(EXTRACTED RECORDS Opens)
(* Consider the discrete-time linear system $x_{k+1} = Ax_k + Bu_k + w_k$, $k\in\mathbb{N}$, with $x_k\in\mathbb{R}^n$, $u_k\in\mathbb{R}^m$, $x_0 = 0$, $(A,B)$ controllable, and i.i.d. process noise $w_k\sim N(0,W)$ with $W\succ 0$. Let $K_0, K_1\in\mathbb{R}^{m\times n}$ be arbitrary gains with $\rho(A+BK_0)<1$ (no assumption on $K_1$), and let $M>0$ and $t\in\mathbb{N}^*$. Let the input be generated by the following switched controller: a counter $\xi_k$ starts at $\xi_0=0$; at step $k$, if $\xi_k>0$ then $u_k = K_0x_k$ and $\xi_{k+1}=\xi_k-1$; if $\xi_k=0$ and $\|x_k\|\ge M$ then $u_k=K_0x_k$ and $\xi_{k+1}=t-1$; if $\xi_k=0$ and $\|x_k\|<M$ then $u_k=K_1x_k$ and $\xi_{k+1}=0$. Let $P_0\succ 0$ and $0<\rho_0<1$ satisfy $(A+BK_0)^TP_0(A+BK_0)\prec \rho_0 P_0$, and let $V_{0,k} = x_k^TP_0x_k$. Then for every $k\in\mathbb{N}$, $$\mathbb{E} V_{0,k} < \frac{M^2\mathcal{A}^2\|P_0\| + \operatorname{tr}(WP_0)}{1-\rho_0},$$ where $\mathcal{A} = \max\{\|A+BK_0\|, \|A+BK_1\|\}$.
   Context: $\rho(\cdot)$ is the spectral radius, $\|\cdot\|$ is the Euclidean norm for vectors and the induced 2-norm (largest singular value) for matrices. The switched controller applies the fallback gain $K_0$ for $t$ consecutive steps each time, while the primary gain is active, the state norm reaches the threshold $M$. *)

theory Defs
  imports "HOL-Analysis.Analysis" "HOL-Probability.Probability"
begin

definition posdef :: "real^'n^'n \<Rightarrow> bool" where
  "posdef P \<longleftrightarrow> transpose P = P \<and> (\<forall>x. x \<noteq> 0 \<longrightarrow> x \<bullet> (P *v x) > 0)"

definition mnorm :: "real^'n^'m \<Rightarrow> real" where
  "mnorm A = onorm (\<lambda>x. A *v x)"

definition cmat :: "real^'n^'n \<Rightarrow> complex^'n^'n" where
  "cmat A = (\<chi> i j. complex_of_real (A $ i $ j))"

definition spectral_radius :: "real^'n^'n \<Rightarrow> real" where
  "spectral_radius A = Max {cmod l | l. \<exists>v::complex^'n. v \<noteq> 0 \<and> cmat A *v v = l *s v}"

definition mpow :: "real^'n^'n \<Rightarrow> nat \<Rightarrow> real^'n^'n" where
  "mpow A i = (((**) A) ^^ i) (mat 1)"

definition controllable :: "real^'n^'n \<Rightarrow> real^'m^'n \<Rightarrow> bool" where
  "controllable A B \<longleftrightarrow>
     span (\<Union>i\<in>{..<CARD('n)}. range (\<lambda>u. (mpow A i ** B) *v u)) = UNIV"

text \<open>Nondegenerate centred multivariate Gaussian N(0,W) (Cramer-Wold definition):
  every nonzero linear functional c.X is normal with mean 0 and variance c^T W c.\<close>
definition gaussian_vec :: "'a measure \<Rightarrow> ('a \<Rightarrow> real^'n) \<Rightarrow> real^'n^'n \<Rightarrow> bool" where
  "gaussian_vec \<Omega> X W \<longleftrightarrow> X \<in> borel_measurable \<Omega> \<and>
     (\<forall>c. c \<noteq> 0 \<longrightarrow>
        distributed \<Omega> lborel (\<lambda>\<omega>. c \<bullet> X \<omega>) (normal_density 0 (sqrt (c \<bullet> (W *v c)))))"

definition ctrl_input :: "real^'n^'m \<Rightarrow> real^'n^'m \<Rightarrow> real \<Rightarrow> real^'n \<Rightarrow> nat \<Rightarrow> real^'m" where
  "ctrl_input K0 K1 Mth x xi =
     (if xi > 0 then K0 *v x else if norm x \<ge> Mth then K0 *v x else K1 *v x)"

definition counter_next :: "real \<Rightarrow> nat \<Rightarrow> real^'n \<Rightarrow> nat \<Rightarrow> nat" where
  "counter_next Mth t x xi =
     (if xi > 0 then xi - 1 else if norm x \<ge> Mth then t - 1 else 0)"

primrec traj :: "real^'n^'n \<Rightarrow> real^'m^'n \<Rightarrow> real^'n^'m \<Rightarrow> real^'n^'m \<Rightarrow> real \<Rightarrow> nat
                 \<Rightarrow> (nat \<Rightarrow> real^'n) \<Rightarrow> nat \<Rightarrow> (real^'n) \<times> nat" where
  "traj A B K0 K1 Mth t w 0 = (0, 0)"
| "traj A B K0 K1 Mth t w (Suc k) =
     (let x = fst (traj A B K0 K1 Mth t w k); xi = snd (traj A B K0 K1 Mth t w k) in
      (A *v x + B *v ctrl_input K0 K1 Mth x xi + w k, counter_next Mth t x xi))"
(* For every distributed theory $\mathcal T$ and every universally consistent distributed belief pair $\mathcal B$, $\tau_{\mathit{beliefpair}}(D^*_{\mathcal T}(\mathcal B))=D^*_{\tau_{\mathit{theory}}(\mathcal T)}(\tau_{\mathit{beliefpair}}(\mathcal B))$.
   Context: Standing setup (dAEL). $\Sigma=\Sigma_o\uplus\Sigma_s$ is a first-order vocabulary (objective and subjective symbols). A nonempty domain $D$ and a $\Sigma_o$-structure $I_o$ with domain $D$ are fixed, as is a set of agents $\mathcal{A}\subseteq D$. For each $A\in\mathcal{A}$ there is a constant $A\in\Sigma_o$ with $A^{I_o}=A$, and $\Sigma_o$ contains a unary predicate $\mathrm{Apred}$ with $\mathrm{Apred}^{I_o}=\mathcal{A}$. "Structure" means a $\Sigma$-structure with domain $D$ that agrees with $I_o$ on $\Sigma_o$. Formulas of dAEL are built from atoms $P(\bar t)$ ($P\in\Sigma$ or equality) using $\wedge,\neg,\forall x$, and the modal rule: if $\varphi$ is a formula and $t$ a term then $K_t\varphi$ is a formula. Truth values are $\mathbf t,\mathbf f,\mathbf u$ with truth order $\mathbf f<_t\mathbf u<_t\mathbf t$; $\mathbf t^{-1}=\mathbf f$, $\mathbf f^{-1}=\mathbf t$, $\mathbf u^{-1}=\mathbf u$. A possible world structure (PWS) is a set of structures. A distributed possible world structure (DPWS) is a family $\mathcal Q=(\mathcal Q_A)_{A\in\mathcal A}$ of PWSs. A distributed belief pair (DBP) is a pair $\mathcal B=(\mathcal B^c,\mathcal B^l)$ of DPWSs, consistent if $\mathcal B^l_A\subseteq\mathcal B^c_A$ for all $A$ (DBPs are tacitly consistent). A DPWS $\mathcal Q$ is universally consistent if $\mathcal Q_A\ne\emptyset$ for all $A$; a DBP $\mathcal B$ is universally consistent if $\mathcal B^l$ is. Three-valued value $\varphi^{\mathcal B,I,a}$: atoms get their two-valued value in $I$; $\neg$ by ${}^{-1}$, $\wedge$ and $\forall$ by $\le_t$-glb (Kleene); $(K_t\varphi)^{\mathcal B,I,a}$ is $\mathbf t$ if $t^{I,a}\in\mathcal A$ and $\varphi^{\mathcal B,J,a}=\mathbf t$ for all $J\in\mathcal B^c_{t^{I,a}}$; $\mathbf f$ if $t^{I,a}\notin\mathcal A$ or $\varphi^{\mathcal B,J,a}=\mathbf f$ for some $J\in\mathcal B^l_{t^{I,a}}$; $\mathbf u$ otherwise; for sentences the assignment is omitted and the value of a set of sentences is the $\le_t$-glb of the members' values. A distributed theory is a family $\mathcal T=(\mathcal T_A)_{A\in\mathcal A}$ of sets of dAEL sentences; $D^*_{\mathcal T}(\mathcal B)=(D^c_{\mathcal T}(\mathcal B),D^l_{\mathcal T}(\mathcal B))$ with $D^c_{\mathcal T}(\mathcal B)_A=\{I:\mathcal T_A^{\mathcal B,I}\ne\mathbf f\}$ and $D^l_{\mathcal T}(\mathcal B)_A=\{I:\mathcal T_A^{\mathcal B,I}=\mathbf t\}$. Translation to AEL. $\Sigma'$ consists of all symbols of $\Sigma_o$ and all symbols of $\Sigma_s$ with arity increased by one. A fixed element $\delta\in D$ is chosen. A $\Sigma'$-structure always has domain $D$, agrees with $I_o$ on $\Sigma_o$, and is normal: for every $f\in\Sigma_s$, $f^J(\bar d,d)=\delta$ whenever $d\notin\mathcal A$, and for every relation $R\in\Sigma_s$, $(\bar d,d)\notin R^J$ whenever $d\notin\mathcal A$. AEL formulas over $\Sigma'$ are built like dAEL formulas but with a single unindexed modal operator $K$; an AEL belief pair is a pair $(P,S)$ of sets of $\Sigma'$-structures; the three-valued AEL value is defined like the dAEL one except that $(K\varphi)^{(P,S),J,a}$ is $\mathbf t$ if $\varphi$ has value $\mathbf t$ at all $J'\in P$, $\mathbf f$ if it has value $\mathbf f$ at some $J'\in S$, and $\mathbf u$ otherwise. For an AEL theory $T$, $D^*_T(P,S)=(\{J:T^{(P,S),J}\ne\mathbf f\},\{J:T^{(P,S),J}=\mathbf t\})$. For a $\Sigma$-term $t$ and $\Sigma'$-term $s$, $t_s$ is defined by $x_s=x$ for variables, $f(t_1,\dots,t_n)_s=f((t_1)_s,\dots,(t_n)_s,s)$ for $f\in\Sigma_s$, $f(t_1,\dots,t_n)_s=f((t_1)_s,\dots,(t_n)_s)$ for $f\in\Sigma_o$. $\tau_{\mathit{formula}}(s,\cdot)$: $P(t_1,\dots,t_n)\mapsto P((t_1)_s,\dots,(t_n)_s,s)$ if $P\in\Sigma_s$, $P((t_1)_s,\dots,(t_n)_s)$ if $P\in\Sigma_o$ or equality; commutes with $\neg,\wedge,\forall x$; $\tau_{\mathit{formula}}(s,K_t\phi)=\exists x(x=t_s\wedge\mathrm{Apred}(x)\wedge K\,\tau_{\mathit{formula}}(x,\phi))$ for a fresh variable $x$. $\tau_{\mathit{theory}}(\mathcal T)=\bigcup_{A\in\mathcal A}\{\tau_{\mathit{formula}}(A,\phi):\phi\in\mathcal T_A\}$. For a family $(I_A)_{A\in\mathcal A}$ of structures, $\tau_{\mathit{structure}}((I_A)_A)$ is the $\Sigma'$-structure interpreting $\Sigma_o$ as $I_o$, each $f\in\Sigma_s$ by $f(\bar d,d)=f^{I_d}(\bar d)$ if $d\in\mathcal A$ and $\delta$ otherwise, and each relation $R\in\Sigma_s$ by $(\bar d,d)\in R$ iff $d\in\mathcal A$ and $\bar d\in R^{I_d}$. $\tau_{\mathit{pws}}(\mathcal Q)=\{\tau_{\mathit{structure}}((I_A)_A): I_A\in\mathcal Q_A\text{ for all }A\in\mathcal A\}$, and $\tau_{\mathit{beliefpair}}(\mathcal B)=(\tau_{\mathit{pws}}(\mathcal B^c),\tau_{\mathit{pws}}(\mathcal B^l))$. *)

theory Defs
  imports Main
begin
(EXTRACTED RECORDS Closes)
*EXERCISE PROMPT*: Above are the entries. Quote exactly the lines from the one bearing "(if xi > 0 then K0" through the one bearing "K1 Mth t w 0".

*RESULT FOR THIS TASK*:
     (if xi > 0 then K0 *v x else if norm x \<ge> Mth then K0 *v x else K1 *v x)"

definition counter_next :: "real \<Rightarrow> nat \<Rightarrow> real^'n \<Rightarrow> nat \<Rightarrow> nat" where
  "counter_next Mth t x xi =
     (if xi > 0 then xi - 1 else if norm x \<ge> Mth then t - 1 else 0)"

primrec traj :: "real^'n^'n \<Rightarrow> real^'m^'n \<Rightarrow> real^'n^'m \<Rightarrow> real^'n^'m \<Rightarrow> real \<Rightarrow> nat
                 \<Rightarrow> (nat \<Rightarrow> real^'n) \<Rightarrow> nat \<Rightarrow> (real^'n) \<times> nat" where
  "traj A B K0 K1 Mth t w 0 = (0, 0)"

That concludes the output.